Resources From Our Team
There’s a seasonal shift happening—one that brings more daylight, backyard dinners, and sticky popsicle fingers. But for many parents, summer doesn’t feel light and breezy. It feels like pressure. The kids are out of school, routines are gone, and parental personal space evaporates. And in that wide, echoing void, a different presence rushes in: the illusion that you should be savoring every second. That illusion doesn’t soothe, it suffocates. It whispers that if you’re not loving every moment, something must be wrong with you.
In our practice, summer often brings a wave of quiet desperation. The kind of desperation where you find yourself fantasizing about a silent cabin in the woods. The kind where you dread making yet another camp lunch, feel overwhelmed by the logistics of pickup times that change weekly, and beat yourself up for not being more grateful for the chaos.
Sound familiar?
Here’s the truth: Loving your children and feeling claustrophobic around them are not contradictions. They are co-existences, which is a part of life’s gray space.
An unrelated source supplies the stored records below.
lemma large_no_left_move: "iexch t i \<Longrightarrow> large c t (i + 1) \<Longrightarrow> large c t i"
  unfolding iexch_def large_def exch_def by (auto simp: nat_add_distrib)

lemma large_exchange:
  "large c (Suc t) j =
     (if iexch t (j - 1) then large c t (j - 1) else if iexch t j then large c t (j + 1) else large c t j)"
proof (cases "1 \<le> j")
  case True
  define m where "m = nat j"
  have j: "j = int m" "1 \<le> m" using True unfolding m_def by auto
  have left: "iexch t (j - 1) \<longleftrightarrow> 1 \<le> m - 1 \<and> exch t (m - 1)"
    using j unfolding iexch_def by (auto simp: nat_diff_distrib)
  have "1 \<le> m - 1" if "exch t (m - 1)" using exch_range[OF that] by simp
  then have left': "iexch t (j - 1) \<longleftrightarrow> exch t (m - 1)" using left by blast
  have here: "iexch t j \<longleftrightarrow> exch t m" using j unfolding iexch_def by simp
  have "nat (j - 1) = m - 1" "nat (j + 1) = Suc m" using j by auto
  then show ?thesis using j left' here exch_range[of t "m - 1"]
    unfolding large_def arr_Suc swap_adjacent_def by auto
next
  case False
  then show ?thesis unfolding large_def iexch_def by auto
qed

lemma sorted_if_thresholds:
  assumes "\<And>c j. c < n \<Longrightarrow> c < j \<Longrightarrow> j \<le> n \<Longrightarrow> c < arr T j"
  shows "arr T = id"
proof (rule permutes_ge_id[OF arr_permutes])
  fix j :: nat assume "1 \<le> j" "j \<le> n"
  then have "j - 1 < arr T j" using assms[of "j - 1" j] by simp
  then show "j \<le> arr T j" using \<open>1 \<le> j\<close> by linarith
qed

end

lemma card_split_by:
  fixes f :: "'a \<Rightarrow> 'b::linorder"
  assumes "finite A"
  shows "card A = card {x \<in> A. f x \<le> c} + card {x \<in> A. c < f x}"
proof -
  have "card A = card ({x \<in> A. f x \<le> c} \<union> {x \<in> A. c < f x})" by (rule arg_cong[where f = card]) auto
  also have "\<dots> = card {x \<in> A. f x \<le> c} + card {x \<in> A. c < f x}"
    by (rule card_Un_disjoint) (use assms in auto)
  finally show ?thesis .
qed

locale bandwidth_perm =
  fixes n w :: nat and p :: "nat \<Rightarrow> nat"
  assumes p_permutes: "p permutes {1..n}"
    and p_bandwidth: "\<And>i. i \<in> {1..n} \<Longrightarrow> \<bar>int (p i) - int i\<bar> \<le> int w"
    and w_pos: "1 \<le> w"
begin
In the human experience, it’s tempting to reduce life into binaries: good or bad, right or wrong, love or hate. These cognitive shortcuts, which you might call dichotomous thinking or black-and-white thinking, can appear to provide clarity. But they actually distort our reality and strain our relationships.
We love our partners yet feel deep frustration over their quirks or behaviors. We eagerly anticipate hosting the holidays but quietly dread the emotional labor involved. We adore our children, yet still feel bored, overwhelmed, exhausted, or even resentful of them.
This does not mean we’re broken. It means we’re human.